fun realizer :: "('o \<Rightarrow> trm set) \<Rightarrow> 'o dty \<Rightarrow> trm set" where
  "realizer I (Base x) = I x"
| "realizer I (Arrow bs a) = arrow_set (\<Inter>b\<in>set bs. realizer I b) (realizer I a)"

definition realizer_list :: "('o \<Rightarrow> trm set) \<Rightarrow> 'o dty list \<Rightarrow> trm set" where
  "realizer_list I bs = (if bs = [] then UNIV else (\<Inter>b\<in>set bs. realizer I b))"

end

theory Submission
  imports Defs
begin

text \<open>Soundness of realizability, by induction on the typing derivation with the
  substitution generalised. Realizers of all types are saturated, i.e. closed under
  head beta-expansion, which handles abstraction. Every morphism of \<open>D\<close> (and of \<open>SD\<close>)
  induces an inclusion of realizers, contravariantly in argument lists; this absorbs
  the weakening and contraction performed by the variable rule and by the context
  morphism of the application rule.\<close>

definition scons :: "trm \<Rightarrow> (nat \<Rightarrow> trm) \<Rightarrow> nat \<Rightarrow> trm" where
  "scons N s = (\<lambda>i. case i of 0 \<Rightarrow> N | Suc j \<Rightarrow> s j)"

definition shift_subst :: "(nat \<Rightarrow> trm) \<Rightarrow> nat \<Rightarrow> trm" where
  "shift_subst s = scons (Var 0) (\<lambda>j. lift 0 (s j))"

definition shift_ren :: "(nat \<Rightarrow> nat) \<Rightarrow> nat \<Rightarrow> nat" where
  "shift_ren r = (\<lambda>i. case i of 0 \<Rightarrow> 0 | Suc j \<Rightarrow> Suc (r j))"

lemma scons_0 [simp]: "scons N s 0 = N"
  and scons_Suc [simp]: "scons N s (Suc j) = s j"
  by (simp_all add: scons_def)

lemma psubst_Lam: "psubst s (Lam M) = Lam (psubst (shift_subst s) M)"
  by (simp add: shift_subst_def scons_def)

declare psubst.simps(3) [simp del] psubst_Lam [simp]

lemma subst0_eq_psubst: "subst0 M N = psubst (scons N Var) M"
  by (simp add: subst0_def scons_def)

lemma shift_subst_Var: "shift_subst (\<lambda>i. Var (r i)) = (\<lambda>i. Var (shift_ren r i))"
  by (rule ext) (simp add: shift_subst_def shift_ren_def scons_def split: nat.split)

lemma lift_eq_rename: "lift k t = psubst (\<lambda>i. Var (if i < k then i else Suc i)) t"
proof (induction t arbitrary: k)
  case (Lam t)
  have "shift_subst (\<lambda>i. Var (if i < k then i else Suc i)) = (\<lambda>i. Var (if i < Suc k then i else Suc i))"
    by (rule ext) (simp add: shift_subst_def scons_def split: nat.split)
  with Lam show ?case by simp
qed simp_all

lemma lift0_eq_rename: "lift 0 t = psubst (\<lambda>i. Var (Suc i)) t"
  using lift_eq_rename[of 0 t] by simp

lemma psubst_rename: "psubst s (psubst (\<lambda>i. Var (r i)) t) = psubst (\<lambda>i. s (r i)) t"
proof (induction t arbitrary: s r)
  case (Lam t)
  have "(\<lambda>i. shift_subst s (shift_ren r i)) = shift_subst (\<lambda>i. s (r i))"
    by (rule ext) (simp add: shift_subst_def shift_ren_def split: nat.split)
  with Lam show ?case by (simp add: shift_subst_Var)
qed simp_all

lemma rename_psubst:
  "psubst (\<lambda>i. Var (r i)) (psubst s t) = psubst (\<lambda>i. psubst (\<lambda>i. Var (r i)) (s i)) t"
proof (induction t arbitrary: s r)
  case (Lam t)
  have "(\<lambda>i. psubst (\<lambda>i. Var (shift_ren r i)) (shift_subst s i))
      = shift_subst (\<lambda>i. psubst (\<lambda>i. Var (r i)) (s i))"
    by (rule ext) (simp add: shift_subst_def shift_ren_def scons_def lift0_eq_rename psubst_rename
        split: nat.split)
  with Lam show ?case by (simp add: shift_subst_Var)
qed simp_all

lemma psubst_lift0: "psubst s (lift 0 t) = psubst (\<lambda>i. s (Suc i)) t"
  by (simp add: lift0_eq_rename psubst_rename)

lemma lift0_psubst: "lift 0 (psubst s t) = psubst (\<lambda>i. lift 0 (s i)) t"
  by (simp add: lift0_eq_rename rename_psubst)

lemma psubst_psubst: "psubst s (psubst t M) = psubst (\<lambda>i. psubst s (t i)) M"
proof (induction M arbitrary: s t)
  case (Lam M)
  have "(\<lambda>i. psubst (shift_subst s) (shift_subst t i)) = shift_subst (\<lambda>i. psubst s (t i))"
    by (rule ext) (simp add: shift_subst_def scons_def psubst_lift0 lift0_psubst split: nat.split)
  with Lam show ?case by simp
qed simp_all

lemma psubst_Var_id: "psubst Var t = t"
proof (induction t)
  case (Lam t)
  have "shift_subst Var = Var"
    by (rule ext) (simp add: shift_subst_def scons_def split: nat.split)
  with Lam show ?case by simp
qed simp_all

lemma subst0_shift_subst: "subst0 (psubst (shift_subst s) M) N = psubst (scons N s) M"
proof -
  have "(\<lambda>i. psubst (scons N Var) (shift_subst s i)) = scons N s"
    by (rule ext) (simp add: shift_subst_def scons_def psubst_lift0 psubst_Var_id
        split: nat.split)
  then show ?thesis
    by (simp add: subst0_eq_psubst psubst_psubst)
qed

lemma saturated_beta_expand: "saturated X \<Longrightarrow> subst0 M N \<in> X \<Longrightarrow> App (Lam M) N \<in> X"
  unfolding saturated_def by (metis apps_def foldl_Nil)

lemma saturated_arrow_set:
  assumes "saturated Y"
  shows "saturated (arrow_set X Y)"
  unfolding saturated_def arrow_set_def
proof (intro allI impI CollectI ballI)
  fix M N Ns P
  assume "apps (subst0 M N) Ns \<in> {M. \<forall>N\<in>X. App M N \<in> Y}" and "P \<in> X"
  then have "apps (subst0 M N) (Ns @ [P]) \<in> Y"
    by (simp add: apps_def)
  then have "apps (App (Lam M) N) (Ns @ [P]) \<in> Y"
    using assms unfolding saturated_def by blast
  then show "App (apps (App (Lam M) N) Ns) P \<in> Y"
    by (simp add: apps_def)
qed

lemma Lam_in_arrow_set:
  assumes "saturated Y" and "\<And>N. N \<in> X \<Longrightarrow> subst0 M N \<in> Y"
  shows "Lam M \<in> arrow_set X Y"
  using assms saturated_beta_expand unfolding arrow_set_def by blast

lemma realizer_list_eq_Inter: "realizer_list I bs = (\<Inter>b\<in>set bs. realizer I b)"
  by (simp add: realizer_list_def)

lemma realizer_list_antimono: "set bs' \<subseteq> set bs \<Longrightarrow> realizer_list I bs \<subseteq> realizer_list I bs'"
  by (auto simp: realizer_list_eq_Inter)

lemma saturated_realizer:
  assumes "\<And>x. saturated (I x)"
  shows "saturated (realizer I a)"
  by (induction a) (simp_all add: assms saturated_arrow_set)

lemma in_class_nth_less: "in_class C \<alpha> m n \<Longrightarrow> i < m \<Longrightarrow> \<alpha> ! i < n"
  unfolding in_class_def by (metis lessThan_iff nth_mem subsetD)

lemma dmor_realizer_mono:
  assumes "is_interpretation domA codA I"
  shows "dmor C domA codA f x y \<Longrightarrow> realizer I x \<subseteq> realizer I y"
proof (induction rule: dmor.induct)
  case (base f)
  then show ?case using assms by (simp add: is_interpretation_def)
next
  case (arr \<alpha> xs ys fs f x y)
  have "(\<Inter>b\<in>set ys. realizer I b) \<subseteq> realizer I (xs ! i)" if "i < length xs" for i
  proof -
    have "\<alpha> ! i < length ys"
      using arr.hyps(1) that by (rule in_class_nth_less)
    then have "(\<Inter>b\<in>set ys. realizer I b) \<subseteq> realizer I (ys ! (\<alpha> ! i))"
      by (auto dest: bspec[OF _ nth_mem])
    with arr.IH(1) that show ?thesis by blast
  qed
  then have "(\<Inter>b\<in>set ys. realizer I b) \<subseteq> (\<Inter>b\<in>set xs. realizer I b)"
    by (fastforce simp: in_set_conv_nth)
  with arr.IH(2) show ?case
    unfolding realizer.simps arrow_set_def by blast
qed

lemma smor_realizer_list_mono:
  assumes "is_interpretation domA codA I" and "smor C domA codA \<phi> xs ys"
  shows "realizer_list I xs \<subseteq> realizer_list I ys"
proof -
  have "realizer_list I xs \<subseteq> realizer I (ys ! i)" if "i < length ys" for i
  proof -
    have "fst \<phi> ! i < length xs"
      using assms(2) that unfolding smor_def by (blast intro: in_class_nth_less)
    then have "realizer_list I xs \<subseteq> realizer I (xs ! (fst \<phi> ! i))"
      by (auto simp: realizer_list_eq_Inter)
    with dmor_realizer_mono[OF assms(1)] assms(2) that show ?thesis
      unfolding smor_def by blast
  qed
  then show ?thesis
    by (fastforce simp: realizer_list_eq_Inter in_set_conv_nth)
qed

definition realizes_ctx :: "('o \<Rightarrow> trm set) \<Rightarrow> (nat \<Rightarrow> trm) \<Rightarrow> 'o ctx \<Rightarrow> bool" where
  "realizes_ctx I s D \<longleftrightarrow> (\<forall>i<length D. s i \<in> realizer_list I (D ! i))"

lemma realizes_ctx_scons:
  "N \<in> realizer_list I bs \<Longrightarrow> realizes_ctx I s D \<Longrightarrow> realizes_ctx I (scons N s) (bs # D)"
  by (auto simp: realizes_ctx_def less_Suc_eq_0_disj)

---

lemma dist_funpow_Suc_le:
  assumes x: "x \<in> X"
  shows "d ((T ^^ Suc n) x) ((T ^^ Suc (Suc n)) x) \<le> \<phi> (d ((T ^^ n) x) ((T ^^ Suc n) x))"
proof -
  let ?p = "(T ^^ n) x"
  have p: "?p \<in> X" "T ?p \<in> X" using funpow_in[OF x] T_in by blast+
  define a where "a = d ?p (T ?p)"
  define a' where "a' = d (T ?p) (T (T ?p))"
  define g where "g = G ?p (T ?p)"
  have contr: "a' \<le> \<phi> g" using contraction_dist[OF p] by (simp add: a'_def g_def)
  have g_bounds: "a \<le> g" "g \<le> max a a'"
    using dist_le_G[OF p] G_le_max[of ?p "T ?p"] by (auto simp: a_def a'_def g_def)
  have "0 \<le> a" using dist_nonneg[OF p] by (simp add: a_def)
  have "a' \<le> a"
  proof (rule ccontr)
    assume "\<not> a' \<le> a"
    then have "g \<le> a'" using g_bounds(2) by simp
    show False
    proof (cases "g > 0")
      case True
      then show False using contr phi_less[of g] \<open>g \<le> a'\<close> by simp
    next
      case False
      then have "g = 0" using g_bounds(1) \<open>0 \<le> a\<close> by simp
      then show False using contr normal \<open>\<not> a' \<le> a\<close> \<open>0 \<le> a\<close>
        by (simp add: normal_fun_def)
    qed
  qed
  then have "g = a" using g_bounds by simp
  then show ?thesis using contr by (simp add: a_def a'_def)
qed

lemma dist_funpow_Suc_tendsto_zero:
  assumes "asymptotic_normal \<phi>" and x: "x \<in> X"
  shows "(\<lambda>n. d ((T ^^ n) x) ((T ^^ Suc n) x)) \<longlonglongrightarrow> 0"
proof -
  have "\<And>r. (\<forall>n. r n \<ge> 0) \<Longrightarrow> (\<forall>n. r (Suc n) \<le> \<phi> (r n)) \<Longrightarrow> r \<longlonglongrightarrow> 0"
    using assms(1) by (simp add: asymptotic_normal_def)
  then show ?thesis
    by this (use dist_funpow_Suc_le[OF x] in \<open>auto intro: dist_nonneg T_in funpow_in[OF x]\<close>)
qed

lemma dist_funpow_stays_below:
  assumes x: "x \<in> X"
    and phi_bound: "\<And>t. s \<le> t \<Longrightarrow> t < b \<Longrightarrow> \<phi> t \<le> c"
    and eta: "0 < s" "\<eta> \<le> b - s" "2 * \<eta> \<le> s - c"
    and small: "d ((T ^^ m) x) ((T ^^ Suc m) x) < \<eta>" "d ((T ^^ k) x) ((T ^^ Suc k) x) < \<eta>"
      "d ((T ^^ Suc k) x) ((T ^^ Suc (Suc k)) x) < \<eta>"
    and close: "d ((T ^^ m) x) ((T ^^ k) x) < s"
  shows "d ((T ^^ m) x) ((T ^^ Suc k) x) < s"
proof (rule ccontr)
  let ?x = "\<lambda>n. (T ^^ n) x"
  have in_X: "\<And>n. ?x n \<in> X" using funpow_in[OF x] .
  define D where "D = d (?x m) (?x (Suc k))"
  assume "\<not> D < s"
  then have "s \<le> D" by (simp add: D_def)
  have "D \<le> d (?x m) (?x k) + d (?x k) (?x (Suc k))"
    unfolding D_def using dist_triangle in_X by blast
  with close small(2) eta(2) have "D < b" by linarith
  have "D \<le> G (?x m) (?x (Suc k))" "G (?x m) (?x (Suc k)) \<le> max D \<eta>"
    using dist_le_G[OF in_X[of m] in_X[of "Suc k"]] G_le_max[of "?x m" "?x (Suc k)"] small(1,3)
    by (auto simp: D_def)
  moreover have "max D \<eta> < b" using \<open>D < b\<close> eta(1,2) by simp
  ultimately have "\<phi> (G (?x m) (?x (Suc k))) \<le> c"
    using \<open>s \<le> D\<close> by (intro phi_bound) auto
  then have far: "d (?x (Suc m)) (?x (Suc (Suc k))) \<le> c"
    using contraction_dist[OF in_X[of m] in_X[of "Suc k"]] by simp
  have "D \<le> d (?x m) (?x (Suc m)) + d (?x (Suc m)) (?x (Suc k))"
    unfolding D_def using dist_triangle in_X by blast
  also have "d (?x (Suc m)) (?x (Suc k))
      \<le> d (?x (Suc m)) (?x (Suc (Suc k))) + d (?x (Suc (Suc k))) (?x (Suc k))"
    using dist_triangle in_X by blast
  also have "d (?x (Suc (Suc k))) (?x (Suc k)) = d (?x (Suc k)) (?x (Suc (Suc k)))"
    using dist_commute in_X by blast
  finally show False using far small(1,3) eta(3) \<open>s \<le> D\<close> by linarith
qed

...

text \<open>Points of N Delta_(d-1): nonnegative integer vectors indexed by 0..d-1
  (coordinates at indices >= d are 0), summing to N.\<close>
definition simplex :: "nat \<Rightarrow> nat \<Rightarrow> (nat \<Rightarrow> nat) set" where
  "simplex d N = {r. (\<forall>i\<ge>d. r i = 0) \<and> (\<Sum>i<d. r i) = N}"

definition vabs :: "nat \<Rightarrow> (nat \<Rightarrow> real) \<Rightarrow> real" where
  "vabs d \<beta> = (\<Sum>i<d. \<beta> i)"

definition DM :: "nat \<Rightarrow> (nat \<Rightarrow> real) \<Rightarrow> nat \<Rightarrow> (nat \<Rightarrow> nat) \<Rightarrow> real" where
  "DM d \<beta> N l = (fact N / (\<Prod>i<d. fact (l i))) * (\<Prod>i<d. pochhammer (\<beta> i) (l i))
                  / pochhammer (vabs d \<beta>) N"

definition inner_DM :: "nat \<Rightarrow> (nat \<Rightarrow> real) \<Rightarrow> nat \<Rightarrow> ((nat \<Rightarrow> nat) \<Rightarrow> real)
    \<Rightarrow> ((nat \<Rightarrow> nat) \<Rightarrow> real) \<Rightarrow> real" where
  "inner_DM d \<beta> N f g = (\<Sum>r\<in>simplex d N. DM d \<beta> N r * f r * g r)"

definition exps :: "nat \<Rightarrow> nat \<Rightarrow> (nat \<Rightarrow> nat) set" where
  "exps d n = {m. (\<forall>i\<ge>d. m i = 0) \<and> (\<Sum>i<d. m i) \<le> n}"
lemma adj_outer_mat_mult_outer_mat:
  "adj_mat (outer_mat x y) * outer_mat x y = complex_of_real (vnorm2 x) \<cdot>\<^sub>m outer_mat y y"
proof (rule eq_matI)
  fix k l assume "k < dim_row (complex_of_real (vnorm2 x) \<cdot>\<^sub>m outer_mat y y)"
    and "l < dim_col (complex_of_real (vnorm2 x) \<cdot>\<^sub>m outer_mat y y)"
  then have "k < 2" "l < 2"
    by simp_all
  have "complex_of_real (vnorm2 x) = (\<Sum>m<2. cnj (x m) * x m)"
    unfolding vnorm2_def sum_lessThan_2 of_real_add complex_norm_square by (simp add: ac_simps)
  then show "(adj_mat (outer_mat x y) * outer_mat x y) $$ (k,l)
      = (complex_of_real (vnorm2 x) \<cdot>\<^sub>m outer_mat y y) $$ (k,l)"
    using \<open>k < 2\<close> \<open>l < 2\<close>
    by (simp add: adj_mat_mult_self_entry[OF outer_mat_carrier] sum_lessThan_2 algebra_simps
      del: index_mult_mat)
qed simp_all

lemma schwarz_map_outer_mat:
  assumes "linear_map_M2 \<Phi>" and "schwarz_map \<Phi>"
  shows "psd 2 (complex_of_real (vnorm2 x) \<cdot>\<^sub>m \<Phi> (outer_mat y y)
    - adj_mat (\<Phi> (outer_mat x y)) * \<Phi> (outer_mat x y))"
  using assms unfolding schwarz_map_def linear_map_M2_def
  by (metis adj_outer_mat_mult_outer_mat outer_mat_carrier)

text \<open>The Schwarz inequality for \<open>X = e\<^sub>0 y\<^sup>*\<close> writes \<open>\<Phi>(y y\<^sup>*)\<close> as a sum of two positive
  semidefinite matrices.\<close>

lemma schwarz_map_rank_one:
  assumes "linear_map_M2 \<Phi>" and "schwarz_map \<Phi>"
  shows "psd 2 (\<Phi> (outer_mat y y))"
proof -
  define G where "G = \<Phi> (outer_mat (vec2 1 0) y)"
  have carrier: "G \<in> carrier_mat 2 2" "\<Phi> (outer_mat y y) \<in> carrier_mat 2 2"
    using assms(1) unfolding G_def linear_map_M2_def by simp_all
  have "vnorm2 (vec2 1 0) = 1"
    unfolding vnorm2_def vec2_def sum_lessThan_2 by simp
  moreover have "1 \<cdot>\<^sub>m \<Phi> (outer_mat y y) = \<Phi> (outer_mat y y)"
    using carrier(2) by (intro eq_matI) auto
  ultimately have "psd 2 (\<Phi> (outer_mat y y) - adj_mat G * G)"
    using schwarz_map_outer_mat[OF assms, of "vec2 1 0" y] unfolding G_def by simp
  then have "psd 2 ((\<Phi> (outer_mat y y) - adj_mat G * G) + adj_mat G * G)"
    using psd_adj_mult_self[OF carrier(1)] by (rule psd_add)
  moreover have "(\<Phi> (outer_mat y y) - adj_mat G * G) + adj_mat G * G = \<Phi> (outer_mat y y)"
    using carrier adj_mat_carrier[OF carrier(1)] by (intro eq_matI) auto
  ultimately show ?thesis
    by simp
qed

What the task asks
Please copy the lines above from the line with "dty \<Rightarrow> trm" up to and including the line with "dty list \<Rightarrow>", exactly as written and with nothing else.

Result below
fun realizer :: "('o \<Rightarrow> trm set) \<Rightarrow> 'o dty \<Rightarrow> trm set" where
  "realizer I (Base x) = I x"
| "realizer I (Arrow bs a) = arrow_set (\<Inter>b\<in>set bs. realizer I b) (realizer I a)"

definition realizer_list :: "('o \<Rightarrow> trm set) \<Rightarrow> 'o dty list \<Rightarrow> trm set" where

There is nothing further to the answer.